De lege plaats aan tafel irriteert me, ça me dérange. Zoals verwacht staat het volle glas champagne er warm te worden. Hoe haalde Lucien het in zijn hoofd. Hij zag toch ook dat Junior er nog niet was. Alle begrip dat Lucien geen gediplomeerde ober is en bijna zestig. Maar geef toe, je moet echt niet intelligent zijn om te weten dat je wacht met inschenken tot de gast effectief aanwezig is.

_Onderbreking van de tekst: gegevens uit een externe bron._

text \<open>For \<open>D = B - B'\<close>, \<open>B\<^sup>2 = B'\<^sup>2\<close> gives \<open>tr(D B D) + tr(D B' D) = 0\<close>; both terms are
  nonnegative, so \<open>B\<close> and \<open>B'\<close> vanish on the range of \<open>D\<close>, whence \<open>D\<^sup>2 = 0\<close>.\<close>
lemma psd_sqrt_unique:
  fixes B B' :: "real^'n^'n"
  assumes B: "psd_matrix B" and B': "psd_matrix B'" and sq: "B ** B = B' ** B'"
  shows "B = B'"
proof -
  define D where "D = B - B'"
  have symD: "transpose D = D" using B B' unfolding D_def psd_matrix_def by (simp add: transpose_diff)
  have "D ** (B ** D) + D ** (D ** B') = 0"
  proof (rule matrix_eq[THEN iffD2], rule allI)
    fix x
    have "(D ** (B ** D) + D ** (D ** B')) *v x = D *v (B *v (D *v x) + D *v (B' *v x))"
      by (simp add: matrix_vector_mult_add_rdistrib matrix_vector_mul_assoc[symmetric]
          matrix_vector_right_distrib)
    also have "B *v (D *v x) + D *v (B' *v x) = B *v (B *v x) - B' *v (B' *v x)"
      by (simp add: D_def matrix_vector_mult_diff_rdistrib matrix_vector_mult_diff_distrib)
    also have "\<dots> = 0" by (simp add: matrix_vector_mul_assoc sq)
    finally show "(D ** (B ** D) + D ** (D ** B')) *v x = 0 *v x" by simp
  qed
  then have "trace (D ** (B ** D)) + trace (D ** (D ** B')) = 0"
    by (metis trace_add trace_0 mat_0)
  moreover have "trace (D ** (D ** B')) = trace (D ** (B' ** D))"
    by (metis trace_mul_sym matrix_mul_assoc)
  ultimately have "trace (D ** (B ** D)) + trace (D ** (B' ** D)) = 0"
    by simp
  then have "(\<Sum>i\<in>UNIV. (D *v axis i 1) \<bullet> (B *v (D *v axis i 1))) +
      (\<Sum>i\<in>UNIV. (D *v axis i 1) \<bullet> (B' *v (D *v axis i 1))) = 0"
    by (simp add: trace_symmetric_sandwich[OF symD])
  moreover have "0 \<le> (D *v x) \<bullet> (B *v (D *v x))" "0 \<le> (D *v x) \<bullet> (B' *v (D *v x))" for x
    using B B' by (auto simp: psd_matrix_def)
  ultimately have null: "(D *v axis i 1) \<bullet> (B *v (D *v axis i 1)) = 0"
    "(D *v axis i 1) \<bullet> (B' *v (D *v axis i 1)) = 0" for i
    by (simp_all add: add_nonneg_eq_0_iff sum_nonneg sum_nonneg_eq_0_iff)
  have Dv: "D *v y = B *v y - B' *v y" for y by (simp add: D_def matrix_vector_mult_diff_rdistrib)
  have "D *v (D *v axis i 1) = 0" for i
    unfolding Dv[of "D *v axis i 1"]
    using psd_matrix_mult_eq_0[OF B null(1)] psd_matrix_mult_eq_0[OF B' null(2)] by simp
  then have "D *v axis i 1 = 0" for i
    using symmetric_matrix_inner_commute[OF symD, of "axis i 1" "D *v axis i 1"] by simp
  then show ?thesis
    unfolding D_def by (simp add: vec_eq_iff matrix_vector_mult_basis column_def)
qed

lemma psd_sqrt:
  assumes "psd_matrix X"
  shows "psd_matrix (psd_sqrt X)" "psd_sqrt X ** psd_sqrt X = X"
proof -
  have "\<exists>!B. psd_matrix B \<and> B ** B = X"
    using psd_sqrt_exists[OF assms] psd_sqrt_unique by blast
  then have "psd_matrix (THE B. psd_matrix B \<and> B ** B = X) \<and> (THE B. psd_matrix B \<and> B ** B = X) ** (THE B. psd_matrix B \<and> B ** B = X) = X"
    by (rule theI')
  then show "psd_matrix (psd_sqrt X)" "psd_sqrt X ** psd_sqrt X = X"
    unfolding psd_sqrt_def psd_matrix_def by (simp_all add: conj_assoc)
qed

lemma det_nonneg_if_psd:
  assumes "psd_matrix (M :: real^'n^'n)"
  shows "0 \<le> det M"
proof -
  obtain N where "N ** N = M" using psd_sqrt_exists[OF assms] by blast
  then have "det M = det N * det N" by (metis det_mul)
  then show ?thesis by simp
qed

lemma det_Mmat_nonneg:
  fixes Ax :: "real^'n^'n"
  assumes lam: "0 < lam" and sym: "transpose Ax = Ax"
    and ell: "\<forall>\<xi>. lam * (\<xi> \<bullet> \<xi>) \<le> \<xi> \<bullet> (Ax *v \<xi>)"
  shows "0 \<le> det (Mmat lam Ax)"
proof -
  have "\<xi> \<bullet> ((Ax - (lam / 2) *\<^sub>R mat 1) *v \<xi>) = \<xi> \<bullet> (Ax *v \<xi>) - lam / 2 * (\<xi> \<bullet> \<xi>)" for \<xi>
    by (simp add: matrix_vector_mult_diff_rdistrib inner_diff_right
        scaleR_matrix_vector_assoc[symmetric])
  moreover have "lam / 2 * (\<xi> \<bullet> \<xi>) \<le> \<xi> \<bullet> (Ax *v \<xi>)" for \<xi>
  proof -
    have "0 \<le> lam * (\<xi> \<bullet> \<xi>)" "lam * (\<xi> \<bullet> \<xi>) \<le> \<xi> \<bullet> (Ax *v \<xi>)"
      using lam ell by auto
    then show ?thesis by simp
  qed
  ultimately have "psd_matrix (Ax - (lam / 2) *\<^sub>R mat 1)"
    using sym unfolding psd_matrix_def by (simp add: transpose_diff transpose_scalar)
  then show ?thesis unfolding Mmat_def by (intro det_nonneg_if_psd psd_sqrt)
qed

section \<open>Monotonicity of the nonlocal operator\<close>

lemma kernel_fun_props:
  fixes \<phi> :: "real^'n \<Rightarrow> real"
  assumes "kernel_fun \<phi>"
  shows kernel_fun_continuous: "continuous_on UNIV \<phi>"
    and kernel_fun_nonneg: "0 \<le> \<phi> x"
    and kernel_fun_eq_0: "1 < norm x \<Longrightarrow> \<phi> x = 0"
proof -
  have "smooth_fun \<phi>" using assms unfolding kernel_fun_def by blast
  then have "\<forall>x. \<phi> differentiable (at x)"
    using partials_closure.base[of \<phi>] unfolding smooth_fun_def by blast
  then have "\<forall>x\<in>UNIV. isCont \<phi> x" using differentiable_imp_continuous_within by blast
  then show "continuous_on UNIV \<phi>" by (rule continuous_at_imp_continuous_on)
  show "0 \<le> \<phi> x" using assms unfolding kernel_fun_def by blast
  have "closure {y. \<phi> y \<noteq> 0} \<subseteq> cball 0 1" using assms unfolding kernel_fun_def by blast
  then have supp: "{y. \<phi> y \<noteq> 0} \<subseteq> cball 0 1" by (rule subset_trans[OF closure_subset])
  assume "1 < norm x"
  then have "x \<notin> cball 0 1" by simp
  with supp show "\<phi> x = 0" by blast
qed

lemma kernel_fun_bounded:
  fixes \<phi> :: "real^'n \<Rightarrow> real"
  assumes "kernel_fun \<phi>"
  shows "bounded (range \<phi>)"
proof -
  have "compact (\<phi> ` cball 0 1)"
    by (rule compact_continuous_image[OF continuous_on_subset[OF kernel_fun_continuous[OF assms]]])
      simp_all
  then have "bounded (insert 0 (\<phi> ` cball 0 1))" by (simp add: compact_imp_bounded)
  moreover have "range \<phi> \<subseteq> insert 0 (\<phi> ` cball 0 1)"
  proof
    fix u assume "u \<in> range \<phi>"
    then obtain x where u: "u = \<phi> x" by blast
    show "u \<in> insert 0 (\<phi> ` cball 0 1)"
    proof (cases "norm x \<le> 1")
      case False
      then show ?thesis using kernel_fun_eq_0[OF assms, of x] u by simp
    qed (use u in simp)
  qed
  ultimately show ?thesis by (rule bounded_subset)
qed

 Op een moment als dit zouden de twee belangrijkste mannen in mijn leven – mijn echtgenoot en mijn zoon- er voor mij moeten zijn. Simple comme bonjour! Maar Victor zit nog steeds afwezig naar zijn mobieltje te staren en Junior is zoals zo vaak niet op de afspraak. Ik voel migraine opkomen. Ik vrees dat Junior het onmogelijke karakter van zijn vader heeft geërfd. Geen greintje gevoel voor etiquette. Jarenlang heb ik de meest elementaire leefregels aan mijn kinderen herhaald: ‘Niet in je neus peuteren, hand voor je mond als je geeuwt, hef je voeten op.’ En  later toen ze wat ouder waren: ‘Spreek met twee woorden, geen elleboog op tafel, zeg dankjewel.’  Soms gingen die waarschuwingen gepaard met een pedagogische tik. Wie niet horen wil, moet voelen. De meisjes hebben het intussen begrepen. Meestal toch. Maar Junior leert helaas niet bij. Hij negeert met opzet mijn opmerkingen. Meer nog, hij lacht me in mijn gezicht uit. Tant pis. Waarom zou ik nog moeite doen.

LAURA

(waterlelies, roggebrood, charmeoffensief)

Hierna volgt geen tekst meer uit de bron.